#### Material supplied
▼
(* Let $f\colon[a,b]\to\mathbb{R}$ be Laplace integrable on $[a,b]$ and let $\{g_n\}$ be a sequence of functions of bounded variation on $[a,b]$ with $\sup_nV(g_n,[a,b])<\infty$ that converges pointwise on $[a,b]$ to a function $g$. Let $G_n(x)=\int_a^xg_n$ and $G(x)=\int_a^xg$. Then $\lim_{n\to\infty}\int_a^bfG_n=\int_a^bfG$.
   Context: Laplace integral on $[a,b]$: with lower/upper Laplace derivates $\underline{LD}_1F(x)$, $\overline{LD}_1F(x)$ being the minimum of the $\liminf$'s, resp. maximum of the $\limsup$'s, as $s\to\infty$ of $s^2\int_0^\delta e^{-st}[F(x+t)-F(x)]dt$ and $(-s^2)\int_0^\delta e^{-st}[F(x-t)-F(x)]dt$ (one-sided at endpoints), a major function of $f$ is a continuous $U$ with $\underline{LD}_1U\geqslant f$, $\underline{LD}_1U>-\infty$ everywhere on $[a,b]$, a minor function a continuous $V$ with $\overline{LD}_1V\leqslant f$, $\overline{LD}_1V<\infty$ everywhere, and $f$ is Laplace integrable if $\sup_V(V(b)-V(a))=\inf_U(U(b)-U(a))$ is finite, this value being $\int_a^bf$. $V(g_n,[a,b])$ is the total variation of $g_n$ on $[a,b]$ ("uniform bounded variation"). *)

theory Defs
  imports "HOL-Analysis.Analysis"
begin

definition partitions :: "real \<Rightarrow> real \<Rightarrow> real list set" where
  "partitions a b = {xs. xs \<noteq> [] \<and> hd xs = a \<and> last xs = b \<and> sorted_wrt (<) xs}"

definition variation_sum :: "(real \<Rightarrow> real) \<Rightarrow> real list \<Rightarrow> real" where
  "variation_sum g xs = (\<Sum>i<length xs - 1. \<bar>g (xs ! Suc i) - g (xs ! i)\<bar>)"

definition total_variation :: "(real \<Rightarrow> real) \<Rightarrow> real \<Rightarrow> real \<Rightarrow> ereal" where
  "total_variation g a b = (SUP xs\<in>partitions a b. ereal (variation_sum g xs))"

definition bounded_variation_on :: "(real \<Rightarrow> real) \<Rightarrow> real \<Rightarrow> real \<Rightarrow> bool" where
  "bounded_variation_on g a b \<longleftrightarrow> total_variation g a b < \<infinity>"

text \<open>Right and left Laplace expressions at x, with delta = b - x (resp. x - a).
  The limits inferior/superior as s tends to infinity do not depend on the choice of delta > 0.\<close>

definition laplace_right :: "real \<Rightarrow> (real \<Rightarrow> real) \<Rightarrow> real \<Rightarrow> real \<Rightarrow> real" where
  "laplace_right b F x s =
     s\<^sup>2 * integral {0..b - x} (\<lambda>t. exp (- s * t) * (F (x + t) - F x))"

definition laplace_left :: "real \<Rightarrow> (real \<Rightarrow> real) \<Rightarrow> real \<Rightarrow> real \<Rightarrow> real" where
  "laplace_left a F x s =
     - (s\<^sup>2) * integral {0..x - a} (\<lambda>t. exp (- s * t) * (F (x - t) - F x))"

definition lower_LD :: "real \<Rightarrow> real \<Rightarrow> (real \<Rightarrow> real) \<Rightarrow> real \<Rightarrow> ereal" where
  "lower_LD a b F x =
     (if x = a then Liminf at_top (\<lambda>s. ereal (laplace_right b F x s))
      else if x = b then Liminf at_top (\<lambda>s. ereal (laplace_left a F x s))
      else min (Liminf at_top (\<lambda>s. ereal (laplace_right b F x s)))
               (Liminf at_top (\<lambda>s. ereal (laplace_left a F x s))))"

definition upper_LD :: "real \<Rightarrow> real \<Rightarrow> (real \<Rightarrow> real) \<Rightarrow> real \<Rightarrow> ereal" where
  "upper_LD a b F x =
     (if x = a then Limsup at_top (\<lambda>s. ereal (laplace_right b F x s))
      else if x = b then Limsup at_top (\<lambda>s. ereal (laplace_left a F x s))
      else max (Limsup at_top (\<lambda>s. ereal (laplace_right b F x s)))
               (Limsup at_top (\<lambda>s. ereal (laplace_left a F x s))))"

definition laplace_major :: "real \<Rightarrow> real \<Rightarrow> (real \<Rightarrow> real) \<Rightarrow> (real \<Rightarrow> real) \<Rightarrow> bool" where
  "laplace_major a b f U \<longleftrightarrow> continuous_on {a..b} U \<and>
     (\<forall>x\<in>{a..b}. lower_LD a b U x \<ge> ereal (f x) \<and> lower_LD a b U x > -\<infinity>)"

definition laplace_minor :: "real \<Rightarrow> real \<Rightarrow> (real \<Rightarrow> real) \<Rightarrow> (real \<Rightarrow> real) \<Rightarrow> bool" where
  "laplace_minor a b f V \<longleftrightarrow> continuous_on {a..b} V \<and>
     (\<forall>x\<in>{a..b}. upper_LD a b V x \<le> ereal (f x) \<and> upper_LD a b V x < \<infinity>)"

definition laplace_upper :: "real \<Rightarrow> real \<Rightarrow> (real \<Rightarrow> real) \<Rightarrow> ereal" where
  "laplace_upper a b f = (INF U\<in>{U. laplace_major a b f U}. ereal (U b - U a))"

definition laplace_lower :: "real \<Rightarrow> real \<Rightarrow> (real \<Rightarrow> real) \<Rightarrow> ereal" where
  "laplace_lower a b f = (SUP V\<in>{V. laplace_minor a b f V}. ereal (V b - V a))"
text \<open>The typical points of \<open>\<mu>\<^sub>p\<close> carry positive mass and their cylinders of length \<open>k\<close> have
  mass at most \<open>e\<^sup>s\<^sup>' e\<^sup>-\<^sup>s\<^sup>'\<^sup>k\<close> for any \<open>s' < H(p)\<close>, so rescaling \<open>\<mu>\<^sub>p\<close> by \<open>e\<^sup>-\<^sup>s\<^sup>'\<close> makes the mass
  distribution principle applicable.\<close>

lemma bowen_H_ne_0_if_typical:
  assumes p: "prob_vec m p" and "eps \<le> 1" and G: "emeasure (bernoulli m p) G \<noteq> 0" "G \<subseteq> Z" "G \<subseteq> Sigma m"
    and close: "\<And>x n j. x \<in> G \<Longrightarrow> n \<ge> N \<Longrightarrow> j < m \<Longrightarrow> \<bar>freq n x j - p j\<bar> < freq_radius n"
    and "N \<ge> 1" and "s < H1 m p"
  shows "bowen_H m Z s eps \<noteq> 0"
proof -
  define s' where "s' = (H1 m p + s) / 2"
  have "eventually (\<lambda>n. freq_radius n * (\<Sum>j<m. \<bar>ln (p j)\<bar>) < H1 m p - s') sequentially"
    using \<open>s < H1 m p\<close>
    by (intro order_tendstoD(2)[OF tendsto_mult_left_zero[OF freq_radius_tendsto_0]]) (simp add: s'_def)
  then obtain N1 where N1: "\<And>n. n \<ge> N1 \<Longrightarrow> freq_radius n * (\<Sum>j<m. \<bar>ln (p j)\<bar>) < H1 m p - s'"
    by (auto simp: eventually_sequentially)
  define M where "M = scale_measure (ennreal (exp (- s'))) (bernoulli m p)"
  have "emeasure M (cylinder m y k) \<le> ennreal (exp (- s * real k))"
    if "y \<in> G" "Suc (max N N1) \<le> k" for y k
  proof -
    obtain n where k: "k = Suc n" and n: "max N N1 \<le> n"
      using \<open>Suc (max N N1) \<le> k\<close> by (metis Suc_le_D Suc_le_mono)
    have "emeasure (bernoulli m p) (cylinder m y k) \<le> ennreal (exp s' * exp (- s' * real k))"
      unfolding k using close[OF \<open>y \<in> G\<close>] N1[of n] n \<open>N \<ge> 1\<close> \<open>y \<in> G\<close> G(3)
      by (intro emeasure_cylinder_le_exp[OF p]) (auto intro: less_imp_le)
    then have "emeasure M (cylinder m y k) \<le> ennreal (exp (- s')) * ennreal (exp s' * exp (- s' * real k))"
      unfolding M_def emeasure_scale_measure by (rule mult_left_mono) simp
    also have "\<dots> = ennreal (exp (- s') * (exp s' * exp (- s' * real k)))"
      by (rule ennreal_mult'[symmetric]) simp
    also have "\<dots> = ennreal (exp (- s' * real k))"
      by (simp flip: exp_add)
    also have "\<dots> \<le> ennreal (exp (- s * real k))"
    proof -
      have "s * real k \<le> s' * real k"
        using \<open>s < H1 m p\<close> by (intro mult_right_mono) (auto simp: s'_def)
      then show ?thesis
        by (intro ennreal_leI) simp
    qed
    finally show ?thesis .
  qed
  then have "emeasure M G \<le> bowen_Hn m Z s eps (Suc (max N N1))"
    using G \<open>eps \<le> 1\<close> by (intro emeasure_le_bowen_Hn) (auto simp: M_def sets_cylinder_bernoulli)
  also have "\<dots> \<le> bowen_H m Z s eps"
    unfolding bowen_H_eq_SUP by (rule SUP_upper) simp
  finally show ?thesis
    using G(1) by (auto simp: M_def)
qed

lemma htop_eps_ge_H1:
  assumes p: "prob_vec m p" and eps: "eps \<le> 1"
    and typical: "\<And>x. x \<in> Sigma m \<Longrightarrow> \<forall>j<m. (\<lambda>n. freq n x j) \<longlonglongrightarrow> p j \<Longrightarrow> x \<in> Z"
  shows "ereal (H1 m p) \<le> htop_eps m Z eps"
proof -
  obtain G N where G: "emeasure (bernoulli m p) G \<ge> ennreal (1/2)" "N \<ge> 1" "G \<subseteq> Sigma m"
    and close: "\<forall>x\<in>G. \<forall>n\<ge>N. \<forall>j<m. \<bar>freq n x j - p j\<bar> < freq_radius n"
    by (rule typical_set_exists[OF p])
  have "G \<subseteq> Z"
  proof
    fix x assume "x \<in> G"
    then have "\<forall>j<m. (\<lambda>n. freq n x j) \<longlonglongrightarrow> p j"
      using close by (auto intro: freq_tendsto_if_close)
    then show "x \<in> Z"
      using typical G(3) \<open>x \<in> G\<close> by blast
  qed
  moreover have "emeasure (bernoulli m p) G \<noteq> 0"
    using order.strict_trans2[OF _ G(1), of 0] by (simp add: ennreal_inverse_positive)
  ultimately have "bowen_H m Z s eps \<noteq> 0" if "s < H1 m p" for s
    using bowen_H_ne_0_if_typical[OF p eps _ _ G(3) close[rule_format] G(2) that] by blast
  then show ?thesis
    unfolding htop_eps_def by (intro Inf_greatest) (auto simp: not_less[symmetric])
qed

section \<open>Entropy of the level sets\<close>

lemma E_level_eventually_low_entropy:
  assumes max: "\<forall>q. prob_vec m q \<and> Aprod m r phi q = alpha \<longrightarrow> H1 m q \<le> h"
    and "h < t" and x: "x \<in> E_level m r phi alpha"
  shows "eventually (\<lambda>n. H1 m (freq n x) \<le> t) sequentially"
proof -
  obtain \<eta> where "\<eta> > 0"
    and \<eta>: "\<And>q. prob_vec m q \<Longrightarrow> \<bar>Aprod m r phi q - alpha\<bar> < \<eta> \<Longrightarrow> H1 m q < h + (t - h)"
    using H1_bounded_near_level[OF max, of "t - h"] \<open>h < t\<close> by auto
  have "x \<in> Sigma m" and lim: "(\<lambda>n. Aprod m r phi (freq n x)) \<longlonglongrightarrow> alpha"
    using x by (auto simp: E_level_eq_freq)
  have "eventually (\<lambda>n. \<bar>Aprod m r phi (freq n x) - alpha\<bar> < \<eta>) sequentially"
    using lim \<open>\<eta> > 0\<close> by (simp add: tendsto_iff dist_real_def)
  moreover have "eventually (\<lambda>n. 1 \<le> n) sequentially"
    by (rule eventually_ge_at_top)
  ultimately show ?thesis
  proof eventually_elim
    case (elim n)
    then show ?case
      using \<eta>[OF prob_vec_freq[OF digits_below[OF \<open>x \<in> Sigma m\<close>]]] by fastforce
  qed
qed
▲
#### Problem description
Take every line in the preceding listing that contains "proof" and copy it.

#### Task answer
proof -
  proof -
    proof -
proof -
  proof
proof -
  proof eventually_elim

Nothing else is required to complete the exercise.